Kansas History and Heritage Project-Brown County

Brown County Biographies
Bios From the 1901 Brown County World


A. P. CURL


A. P. Curl was born in Logan county, Ohio, Feb. 28, 1830, and came to Brown county, Kansas, in March, 1879. He has four boys and one girl, all grown and married. He followed farming successfully up to 1893 when he retired and turned the farm over to his son in law, A. A. Ferris. Mr. Curl owns the old George Parker farm, 130 acres, six and one half miles south of Hiawatha, on which is an eight acre grove of Maple trees, one of the finest groves in the county.


Mr. Curl has been a useful and influential citizen of Mission township and a good neighbor in his community. He has served two terms as treasurer of the township and several terms as school director. He has always been a Republican in politics. Although raised a Quaker, and still holding his identity with that sect and attending their annual meetings, he is also a member of the Methodist church. Although a retired farmer, Mr. Curl prefers to stay on the farm and live in comfort with his daughter.



CASPER GARDNER


Casper Gardner was born in Shelby county, Indiana in the year 1845. He enlisted in the United States navy in 1863 and served to the close of the war. After the war he settled in Richardson county, Nebraska, where he remained until he came to Brown county in 1878. He was married to Iona Myers in 1880 and they have four girls.

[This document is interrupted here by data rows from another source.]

(* Let $m\in\{1,2\}$, $K>0$, $\gamma=3$, and let $(\rho,u)$ be a smooth solution ($\rho>0$, $r>0$) of the radially symmetric isentropic Euler equations $$(r^m\rho)_t+(r^m\rho u)_r=0,\qquad (r^m\rho u)_t+(r^m\rho u^2)_r+r^m p_r=0,\qquad p=K\rho^\gamma,$$ in the supersonic expanding regime $0<c_1<c_2$. Then: (i) If the 1-wave is rarefaction (R), the 2-wave can only change from compression (C) to rarefaction (R); if the 2-wave is rarefaction, the 1-wave can only change from C to R. (ii) If the 1-wave is compression (C), the 2-wave can only change from R to C; if the 2-wave is compression, the 1-wave can only change from R to C.
   Context: Here $h=\sqrt{K\gamma}\,\rho^{(\gamma-1)/2}$, $c_1=u-h$, $c_2=u+h$, and the gradient variables are $$\alpha=u_r+\tfrac{2}{\gamma-1}h_r+\tfrac{m}{r}\tfrac{hu}{c_2},\qquad \beta=u_r-\tfrac{2}{\gamma-1}h_r-\tfrac{m}{r}\tfrac{hu}{c_1}.$$ The solution is called 1-rarefaction (1-compression) at a point if $\beta>0$ ($\beta<0$) there, and 2-rarefaction (2-compression) if $\alpha>0$ ($\alpha<0$). Characteristic flow maps: $\partial_t\xi(r_0,t)=c_1(\xi(r_0,t),t)$, $\partial_t\psi(r_0,t)=c_2(\psi(r_0,t),t)$, $\xi(r_0,0)=\psi(r_0,0)=r_0$. "The 2-wave changes from R to C" means: there are $r_0$, $t^*$ and $\varepsilon>0$ such that, writing $g(t)=\alpha(\psi(r_0,t),t)$, we have $g(t^* )=0$, $g>0$ on $(t^*-\varepsilon,t^* )$ and $g<0$ on $(t^*,t^*+\varepsilon)$ (change from C to R: the reverse signs); the statement "if the 1-wave is R then the 2-wave can only change from C to R" means no R-to-C change of the 2-wave occurs at a time $t^*$ with $\beta(\psi(r_0,t^* ),t^* )>0$. The analogous statements for the 1-wave use $\beta$ along $\xi(r_0,\cdot)$, and with the roles of R/C (signs) of the other wave exchanged accordingly. *)

theory Defs
  imports "HOL-Analysis.Analysis"
begin

text \<open>Functions of (r,t) are modelled as functions on real \<times> real.
  C^k regularity on a set, via continuous partial derivatives.\<close>

primrec Ck_on :: "nat \<Rightarrow> (real \<times> real) set \<Rightarrow> (real \<times> real \<Rightarrow> real) \<Rightarrow> bool" where
  "Ck_on 0 \<Omega> f = continuous_on \<Omega> f"
| "Ck_on (Suc k) \<Omega> f =
     (\<exists>fr ft. (\<forall>z\<in>\<Omega>. (f has_derivative (\<lambda>(dr, dt). fr z * dr + ft z * dt)) (at z))
              \<and> Ck_on k \<Omega> fr \<and> Ck_on k \<Omega> ft)"

definition smooth_on2 :: "(real \<times> real) set \<Rightarrow> (real \<times> real \<Rightarrow> real) \<Rightarrow> bool" where
  "smooth_on2 \<Omega> f \<longleftrightarrow> (\<forall>k. Ck_on k \<Omega> f)"

definition pd_r :: "(real \<times> real \<Rightarrow> real) \<Rightarrow> real \<times> real \<Rightarrow> real" where
  "pd_r f z = deriv (\<lambda>s. f (s, snd z)) (fst z)"

definition pd_t :: "(real \<times> real \<Rightarrow> real) \<Rightarrow> real \<times> real \<Rightarrow> real" where
  "pd_t f z = deriv (\<lambda>s. f (fst z, s)) (snd z)"

definition hsp :: "real \<Rightarrow> real \<Rightarrow> (real \<times> real \<Rightarrow> real) \<Rightarrow> real \<times> real \<Rightarrow> real" where
  "hsp K \<gamma> \<rho> z = sqrt (K * \<gamma>) * \<rho> z powr ((\<gamma> - 1) / 2)"

definition c1 :: "real \<Rightarrow> real \<Rightarrow> (real \<times> real \<Rightarrow> real) \<Rightarrow> (real \<times> real \<Rightarrow> real) \<Rightarrow> real \<times> real \<Rightarrow> real" where
  "c1 K \<gamma> \<rho> u z = u z - hsp K \<gamma> \<rho> z"

definition c2 :: "real \<Rightarrow> real \<Rightarrow> (real \<times> real \<Rightarrow> real) \<Rightarrow> (real \<times> real \<Rightarrow> real) \<Rightarrow> real \<times> real \<Rightarrow> real" where
  "c2 K \<gamma> \<rho> u z = u z + hsp K \<gamma> \<rho> z"

definition alpha :: "real \<Rightarrow> real \<Rightarrow> real \<Rightarrow> (real \<times> real \<Rightarrow> real) \<Rightarrow> (real \<times> real \<Rightarrow> real) \<Rightarrow> real \<times> real \<Rightarrow> real" where
  "alpha m K \<gamma> \<rho> u z = pd_r u z + 2 / (\<gamma> - 1) * pd_r (hsp K \<gamma> \<rho>) z
      + m / fst z * (hsp K \<gamma> \<rho> z * u z / c2 K \<gamma> \<rho> u z)"

definition beta :: "real \<Rightarrow> real \<Rightarrow> real \<Rightarrow> (real \<times> real \<Rightarrow> real) \<Rightarrow> (real \<times> real \<Rightarrow> real) \<Rightarrow> real \<times> real \<Rightarrow> real" where
  "beta m K \<gamma> \<rho> u z = pd_r u z - 2 / (\<gamma> - 1) * pd_r (hsp K \<gamma> \<rho>) z
      - m / fst z * (hsp K \<gamma> \<rho> z * u z / c1 K \<gamma> \<rho> u z)"

definition euler_solution ::
  "real \<Rightarrow> real \<Rightarrow> real \<Rightarrow> (real \<times> real) set \<Rightarrow> (real \<times> real \<Rightarrow> real) \<Rightarrow> (real \<times> real \<Rightarrow> real) \<Rightarrow> bool" where
  "euler_solution m K \<gamma> \<Omega> \<rho> u \<longleftrightarrow>
     open \<Omega> \<and> (\<forall>z\<in>\<Omega>. fst z > 0) \<and> smooth_on2 \<Omega> \<rho> \<and> smooth_on2 \<Omega> u \<and>
     (\<forall>z\<in>\<Omega>. \<rho> z > 0) \<and>
     (\<forall>z\<in>\<Omega>. pd_t (\<lambda>w. fst w powr m * \<rho> w) z + pd_r (\<lambda>w. fst w powr m * \<rho> w * u w) z = 0) \<and>
     (\<forall>z\<in>\<Omega>. pd_t (\<lambda>w. fst w powr m * \<rho> w * u w) z
               + pd_r (\<lambda>w. fst w powr m * \<rho> w * (u w)\<^sup>2) z
               + fst z powr m * pd_r (\<lambda>w. K * \<rho> w powr \<gamma>) z = 0) \<and>
     (\<forall>z\<in>\<Omega>. 0 < c1 K \<gamma> \<rho> u z \<and> c1 K \<gamma> \<rho> u z < c2 K \<gamma> \<rho> u z)"

text \<open>The characteristic t \<mapsto> \<psi>(r0,t) (resp. \<xi>(r0,t)) on the time interval J (containing 0):
  an integral curve of the speed c staying in \<Omega> with initial value r0.\<close>
definition char_curve ::
  "(real \<times> real) set \<Rightarrow> (real \<times> real \<Rightarrow> real) \<Rightarrow> real set \<Rightarrow> real \<Rightarrow> (real \<Rightarrow> real) \<Rightarrow> bool" where
  "char_curve \<Omega> c J r0 x \<longleftrightarrow> is_interval J \<and> 0 \<in> J \<and> x 0 = r0 \<and>
     (\<forall>t\<in>J. (x t, t) \<in> \<Omega> \<and> (x has_real_derivative c (x t, t)) (at t within J))"

definition changes_R_to_C :: "(real \<Rightarrow> real) \<Rightarrow> real \<Rightarrow> real \<Rightarrow> bool" where
  "changes_R_to_C g ts \<epsilon> \<longleftrightarrow> \<epsilon> > 0 \<and> g ts = 0 \<and>
     (\<forall>t\<in>{ts - \<epsilon><..<ts}. g t > 0) \<and> (\<forall>t\<in>{ts<..<ts + \<epsilon>}. g t < 0)"

definition changes_C_to_R :: "(real \<Rightarrow> real) \<Rightarrow> real \<Rightarrow> real \<Rightarrow> bool" where
  "changes_C_to_R g ts \<epsilon> \<longleftrightarrow> \<epsilon> > 0 \<and> g ts = 0 \<and>
     (\<forall>t\<in>{ts - \<epsilon><..<ts}. g t < 0) \<and> (\<forall>t\<in>{ts<..<ts + \<epsilon>}. g t > 0)"

end

theory Submission
  imports Defs
begin

text \<open>For \<open>\<gamma> = 3\<close> the sound speed is linear in the density, \<open>h = c \<rho>\<close> with \<open>c = sqrt (3 K)\<close>,
  and \<open>\<alpha>\<close>, \<open>\<beta>\<close> arise from one expression by the symmetry \<open>c \<mapsto> -c\<close>, which also exchanges the
  two families of characteristics. Differentiating \<open>\<alpha>\<close> along a 2-characteristic and eliminating
  all time derivatives with the Euler equations (and the symmetry of mixed partials) shows that
  at a zero of \<open>\<alpha>\<close> its derivative along the characteristic is \<open>m (u - h)\<^sup>2 / (2 r (u + h)) \<beta>\<close>,
  a positive multiple of \<open>\<beta>\<close> in the supersonic expanding regime. So where \<open>\<beta> > 0\<close> the
  function \<open>\<alpha>\<close> can only cross zero upwards, and where \<open>\<beta> < 0\<close> only downwards.\<close>

section \<open>Partial derivatives in the \<open>(r, t)\<close>-plane\<close>

definition has_partials :: "(real \<times> real \<Rightarrow> real) \<Rightarrow> real \<Rightarrow> real \<Rightarrow> real \<times> real \<Rightarrow> bool" where
  "has_partials f a b z \<longleftrightarrow> (f has_derivative (\<lambda>(dr, dt). a * dr + b * dt)) (at z)"

lemma has_partials_DERIV_r:
  assumes "has_partials f a b (r, t)"
  shows "((\<lambda>s. f (s, t)) has_real_derivative a) (at r)"
proof -
  have "((\<lambda>s. (s, t)) has_derivative (\<lambda>h. (h, 0))) (at r)"
    by (intro has_derivative_Pair) (auto intro: has_derivative_ident)
  from has_derivative_compose[OF this assms[unfolded has_partials_def]]
  show ?thesis by (simp add: has_field_derivative_def)
qed

lemma has_partials_DERIV_t:
  assumes "has_partials f a b (r, t)"
  shows "((\<lambda>s. f (r, s)) has_real_derivative b) (at t)"
proof -
  have "((\<lambda>s. (r, s)) has_derivative (\<lambda>h. (0, h))) (at t)"
    by (intro has_derivative_Pair) (auto intro: has_derivative_ident)
  from has_derivative_compose[OF this assms[unfolded has_partials_def]]
  show ?thesis by (simp add: has_field_derivative_def)
qed

lemma has_partials_pd:
  assumes "has_partials f a b (r, t)"
  shows "pd_r f (r, t) = a" and "pd_t f (r, t) = b"
  using DERIV_imp_deriv[OF has_partials_DERIV_r[OF assms]]
    DERIV_imp_deriv[OF has_partials_DERIV_t[OF assms]]
  by (simp_all add: pd_r_def pd_t_def)

lemma has_partials_along_graph:
  assumes "has_partials f a b (x t, t)" and "(x has_real_derivative p) (at t within J)"
  shows "((\<lambda>t. f (x t, t)) has_real_derivative a * p + b) (at t within J)"
proof -
  have "((\<lambda>t. (x t, t)) has_derivative (\<lambda>h. (p * h, h))) (at t within J)"
    using assms(2) unfolding has_field_derivative_def
    by (intro has_derivative_Pair) (auto intro: has_derivative_ident)
  from has_derivative_compose[OF this assms(1)[unfolded has_partials_def]]
  have "((\<lambda>t. f (x t, t)) has_derivative (\<lambda>h. a * (p * h) + b * h)) (at t within J)"
    by simp
  moreover have "(\<lambda>h. a * (p * h) + b * h) = (*) (a * p + b)"
    by (auto simp: fun_eq_iff algebra_simps)
  ultimately show ?thesis by (simp add: has_field_derivative_def)
qed

lemma pd_r_eq_on_slice:
  assumes "open \<Omega>" and "(r, t) \<in> \<Omega>" and "\<And>s. (s, t) \<in> \<Omega> \<Longrightarrow> f (s, t) = g s"
    and "(g has_real_derivative D) (at r)"
  shows "pd_r f (r, t) = D"
proof -
  have "open ((\<lambda>s. (s, t)) -` \<Omega>)"
    by (rule continuous_open_vimage[OF assms(1)]) (intro continuous_intros)
  with assms have "((\<lambda>s. f (s, t)) has_real_derivative D) (at r)"
    by (intro has_field_derivative_transform_within_open[OF assms(4)]) auto
  then show ?thesis by (simp add: pd_r_def DERIV_imp_deriv)
qed

lemma Ck_on_cong:
  assumes "open \<Omega>" and "Ck_on k \<Omega> f" and "\<And>z. z \<in> \<Omega> \<Longrightarrow> f z = g z"
  shows "Ck_on k \<Omega> g"
proof (cases k)
  case 0
  then show ?thesis using assms(2,3) continuous_on_cong[of \<Omega> \<Omega> f g] by simp
next
  case (Suc k')
  then obtain fr ft where
    f: "\<And>z. z \<in> \<Omega> \<Longrightarrow> (f has_derivative (\<lambda>(dr, dt). fr z * dr + ft z * dt)) (at z)"
    and "Ck_on k' \<Omega> fr" "Ck_on k' \<Omega> ft"
    using assms(2) by auto
  moreover have "(g has_derivative (\<lambda>(dr, dt). fr z * dr + ft z * dt)) (at z)" if "z \<in> \<Omega>" for z
    using has_derivative_transform_within_open[OF f[OF that] assms(1) that assms(3)] .
  ultimately show ?thesis unfolding Suc Ck_on.simps by blast
qed

lemma Ck_on_SucE:
  assumes "Ck_on (Suc k) \<Omega> f"
  obtains fr ft where "\<And>z. z \<in> \<Omega> \<Longrightarrow> has_partials f (fr z) (ft z) z"
    and "Ck_on k \<Omega> fr" and "Ck_on k \<Omega> ft"
  using assms unfolding has_partials_def by auto

lemma smooth_on2_has_partials:
  assumes "smooth_on2 \<Omega> f" and "(r, t) \<in> \<Omega>"
  shows "has_partials f (pd_r f (r, t)) (pd_t f (r, t)) (r, t)"
proof -
  obtain fr ft where "\<And>z. z \<in> \<Omega> \<Longrightarrow> has_partials f (fr z) (ft z) z"
    using assms(1) Ck_on_SucE[of 0] unfolding smooth_on2_def by metis
  with assms(2) show ?thesis using has_partials_pd by metis
qed

lemma smooth_on2_DERIV_r:
  assumes "smooth_on2 \<Omega> f" and "(r, t) \<in> \<Omega>"
  shows "((\<lambda>s. f (s, t)) has_real_derivative pd_r f (r, t)) (at r)"
  using has_partials_DERIV_r[OF smooth_on2_has_partials[OF assms]] .

lemma smooth_on2_DERIV_t:
  assumes "smooth_on2 \<Omega> f" and "(r, t) \<in> \<Omega>"
  shows "((\<lambda>s. f (r, s)) has_real_derivative pd_t f (r, t)) (at t)"
  using has_partials_DERIV_t[OF smooth_on2_has_partials[OF assms]] .

lemma smooth_on2_pd:
  assumes "smooth_on2 \<Omega> f" and "open \<Omega>"
  shows "smooth_on2 \<Omega> (pd_r f)" and "smooth_on2 \<Omega> (pd_t f)"
proof -
  have "Ck_on k \<Omega> (pd_r f) \<and> Ck_on k \<Omega> (pd_t f)" for k
  proof -
    obtain fr ft where fr_ft: "\<And>z. z \<in> \<Omega> \<Longrightarrow> has_partials f (fr z) (ft z) z"
      and "Ck_on k \<Omega> fr" "Ck_on k \<Omega> ft"
      using assms(1) Ck_on_SucE[of k] unfolding smooth_on2_def by metis
    moreover have "fr z = pd_r f z" "ft z = pd_t f z" if "z \<in> \<Omega>" for z
      using has_partials_pd fr_ft[OF that] by (metis surj_pair)+
    ultimately show ?thesis using Ck_on_cong[OF assms(2)] by metis
  qed
  then show "smooth_on2 \<Omega> (pd_r f)" "smooth_on2 \<Omega> (pd_t f)"
    unfolding smooth_on2_def by auto
qed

The Gardner home is the old Fuller place west of town.



WILLIAM HAUBER


William Hauber was born in Clark county, Indiana, Oct. 31, 1838, his parents having come to America from Baden, Germany three years previously. The family moved to Brown county, Kansas in 1857.

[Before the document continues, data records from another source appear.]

(* Let $\nu$ and $\nu'$ be $k$-atomic distributions supported on $[-1,1]$. If $|m_i(\nu)-m_i(\nu')|\le\delta$ for $i=1,\dots,2k-1$, then \[W_1(\nu,\nu')\le O\big(k\delta^{\frac{1}{2k-1}}\big).\]
   Context: A $k$-atomic distribution is a discrete distribution supported on (at most) $k$ points. $m_i(\pi)=\mathbb{E}_\pi X^i$. $W_1$ is the 1-Wasserstein distance: $W_1(\nu,\nu')=\inf\mathbb{E}|X-Y|$ over couplings of $\nu,\nu'$. $O(\cdot)$ hides an absolute constant. *)

theory Defs
  imports "HOL-Probability.Probability"
begin

definition k_atomic :: "nat \<Rightarrow> real pmf \<Rightarrow> bool" where
  "k_atomic k p \<longleftrightarrow> finite (set_pmf p) \<and> card (set_pmf p) \<le> k"

definition moment :: "nat \<Rightarrow> real pmf \<Rightarrow> real" where
  "moment i p = measure_pmf.expectation p (\<lambda>x. x ^ i)"

text \<open>Couplings of two discrete distributions (any coupling of discrete
  measures is itself discrete, so pmfs on the product suffice).\<close>
definition couplings :: "real pmf \<Rightarrow> real pmf \<Rightarrow> (real \<times> real) pmf set" where
  "couplings p q = {c. map_pmf fst c = p \<and> map_pmf snd c = q}"

definition W1 :: "real pmf \<Rightarrow> real pmf \<Rightarrow> real" where
  "W1 p q = Inf ((\<lambda>c. measure_pmf.expectation c (\<lambda>(x, y). \<bar>x - y\<bar>)) ` couplings p q)"

end

theory Submission
  imports Defs "HOL-Computational_Algebra.Polynomial"
begin

text \<open>Put both supports on a common grid x_0 < ... < x_(m-1) with m <= 2k, let w_i be the difference
  of the two masses at x_i and H_l = w_0 + ... + w_l. The quantile coupling gives
  W1 <= sum_l (x_(l+1) - x_l) |H_l|, so it suffices to bound every term by 8 delta^(1/(2k-1)).

  Let p be the polynomial whose roots are the nodes where H changes sign, signed so that p has the
  sign of H_l on every gap (x_l, x_(l+1)), and let P be its antiderivative. Summation by parts gives
  -sum_i w_i P(x_i) = sum_l H_l (P(x_(l+1)) - P(x_l)), a sum of nonnegative terms, the l-th of which
  is at least |H_l| (h/2) (h/4)^c for the gap length h and c = deg p < m - 1. On the other hand P
  has degree at most 2k - 1 and coefficients of total size at most 2^c, so the moment hypothesis
  bounds the same sum by 2^c delta.\<close>

section \<open>The quantile coupling of two distributions on a grid\<close>

definition interval_overlap :: "real \<Rightarrow> real \<Rightarrow> real \<Rightarrow> real \<Rightarrow> real" where
  "interval_overlap a b c d = max 0 (min b d - max a c)"

lemma interval_overlap_nonneg: "0 \<le> interval_overlap a b c d"
  by (simp add: interval_overlap_def)

lemma interval_overlap_commute: "interval_overlap a b c d = interval_overlap c d a b"
  by (simp add: interval_overlap_def min.commute max.commute)

lemma interval_overlap_degenerate: "interval_overlap a a c d = 0" "interval_overlap a b c c = 0"
  by (simp_all add: interval_overlap_def)

lemma sum_interval_overlap_telescope:
  assumes "mono f" "a \<le> b"
  shows "(\<Sum>j<n. interval_overlap a b (f j) (f (Suc j))) = interval_overlap a b (f 0) (f n)"
proof (induction n)
  case 0
  then show ?case
    by (simp add: interval_overlap_def)
next
  case (Suc n)
  have "f 0 \<le> f n" "f n \<le> f (Suc n)"
    using assms(1) by (auto simp: mono_def)
  with Suc assms(2) show ?case
    by (simp add: interval_overlap_def split: split_max split_min)
qed

lemma sum_sum_interval_overlap:
  assumes "mono F" "mono G" "F 0 = 0" "G 0 = 0"
  shows "(\<Sum>i<a. \<Sum>j<b. interval_overlap (F i) (F (Suc i)) (G j) (G (Suc j))) = min (F a) (G b)"
proof -
  have "(\<Sum>i<a. \<Sum>j<b. interval_overlap (F i) (F (Suc i)) (G j) (G (Suc j)))
      = (\<Sum>i<a. interval_overlap (G 0) (G b) (F i) (F (Suc i)))"
    using assms by (simp add: sum_interval_overlap_telescope monoD interval_overlap_commute)
  also have "\<dots> = interval_overlap (G 0) (G b) (F 0) (F a)"
    using assms monoD[OF assms(2), of 0 b] by (intro sum_interval_overlap_telescope) auto
  also have "\<dots> = min (F a) (G b)"
    using assms monoD[OF assms(1), of 0 a] monoD[OF assms(2), of 0 b]
    by (simp add: interval_overlap_def)
  finally show ?thesis .
qed

definition cumulative :: "nat pmf \<Rightarrow> nat \<Rightarrow> real" where
  "cumulative p j = (\<Sum>i<j. pmf p i)"

lemma cumulative_0 [simp]: "cumulative p 0 = 0"
  by (simp add: cumulative_def)

lemma cumulative_Suc: "cumulative p (Suc j) = cumulative p j + pmf p j"
  by (simp add: cumulative_def)

lemma mono_cumulative: "mono (cumulative p)"
  unfolding cumulative_def by (auto intro!: monoI sum_mono2)

lemma cumulative_nonneg: "0 \<le> cumulative p j"
  by (simp add: cumulative_def sum_nonneg)

lemma cumulative_le_1: "cumulative p j \<le> 1"
  using measure_pmf.prob_le_1[of p "{..<j}"] by (simp add: cumulative_def measure_measure_pmf_finite)

lemma cumulative_eq_1: "set_pmf p \<subseteq> {..<m} \<Longrightarrow> m \<le> j \<Longrightarrow> cumulative p j = 1"
  unfolding cumulative_def by (auto intro!: sum_pmf_eq_1)

definition quantile_coupling :: "nat pmf \<Rightarrow> nat pmf \<Rightarrow> (nat \<times> nat) pmf" where
  "quantile_coupling p q = embed_pmf (\<lambda>(i, j).
     interval_overlap (cumulative p i) (cumulative p (Suc i)) (cumulative q j) (cumulative q (Suc j)))"

definition separated_by :: "nat \<Rightarrow> (nat \<times> nat) set" where
  "separated_by l = {(i, j). (i \<le> l) \<noteq> (j \<le> l)}"

lemma pmf_map_finite_support:
  assumes "finite A" "set_pmf p \<subseteq> A"
  shows "pmf (map_pmf f p) u = (\<Sum>a\<in>{a\<in>A. f a = u}. pmf p a)"
proof -
  have "pmf (map_pmf f p) u = measure p (f -` {u} \<inter> set_pmf p)"
    by (simp add: pmf_map measure_Int_set_pmf)
  also have "\<dots> = (\<Sum>a\<in>f -` {u} \<inter> set_pmf p. pmf p a)"
    using assms by (intro measure_measure_pmf_finite) (auto intro: finite_subset)
  also have "\<dots> = (\<Sum>a\<in>{a\<in>A. f a = u}. pmf p a)"
    using assms by (intro sum.mono_neutral_left) (auto simp: set_pmf_eq)
  finally show ?thesis .
qed

context
  fixes p q :: "nat pmf" and m :: nat
  assumes support_p: "set_pmf p \<subseteq> {..<m}" and support_q: "set_pmf q \<subseteq> {..<m}"
begin

lemma pmf_quantile_coupling:
  "pmf (quantile_coupling p q) (i, j)
    = interval_overlap (cumulative p i) (cumulative p (Suc i)) (cumulative q j) (cumulative q (Suc j))"
proof -
  define \<gamma> where "\<gamma> = (\<lambda>(i, j). interval_overlap (cumulative p i) (cumulative p (Suc i))
    (cumulative q j) (cumulative q (Suc j)))"
  have outside: "\<gamma> ij = 0" if "ij \<notin> {..<m} \<times> {..<m}" for ij
  proof -
    obtain i j where ij: "ij = (i, j)"
      by fastforce
    have "pmf p i = 0 \<or> pmf q j = 0"
      using that support_p support_q by (auto simp: set_pmf_eq ij)
    then show ?thesis
      by (auto simp: \<gamma>_def ij cumulative_Suc interval_overlap_degenerate)
  qed
  have "(\<integral>\<^sup>+ij. ennreal (\<gamma> ij) \<partial>count_space UNIV) = (\<Sum>ij\<in>{..<m} \<times> {..<m}. ennreal (\<gamma> ij))"
    using outside by (intro nn_integral_count_space') auto
  also have "\<dots> = ennreal (\<Sum>ij\<in>{..<m} \<times> {..<m}. \<gamma> ij)"
    by (simp add: \<gamma>_def interval_overlap_nonneg split_beta)
  also have "(\<Sum>ij\<in>{..<m} \<times> {..<m}. \<gamma> ij) = min (cumulative p m) (cumulative q m)"
    using sum_sum_interval_overlap[OF mono_cumulative mono_cumulative cumulative_0 cumulative_0]
    by (simp add: \<gamma>_def flip: sum.cartesian_product)
  also have "\<dots> = 1"
    using support_p support_q by (simp add: cumulative_eq_1)
  finally show ?thesis
    unfolding quantile_coupling_def by (subst pmf_embed_pmf) (auto simp: \<gamma>_def interval_overlap_nonneg)
qed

In the fall of 1860, having been brought up a Democrat, he voted for Stephen A. Douglas in the presidential election. Afterward Douglas advised all his supporters to stand by the Union. "No slaves to lose but a country to save." Then Mr. Hauber enlisted in the war and has voted the Republican ticket ever since. He enlisted in the regular United States service in 1862 and served his country faithfully until the war closed and then he came home to Kansas. He farmed around until 1868 when he bought the 100 acre tract of Indian land where he now lives, a few miles southeast of Hiawatha. Mr. Hauber was married to Miss Lizzie Maglott on April 3, 1870, and they have seven children, all boys, and five of them are Republican voters, and the other two will be when old enough. Mr. Hauber not only owns his fine residence place, well fixed and stocked, but also a fine 200 acre farm of rich Mission township land. Mr. Hauber is a member of the G.A.R.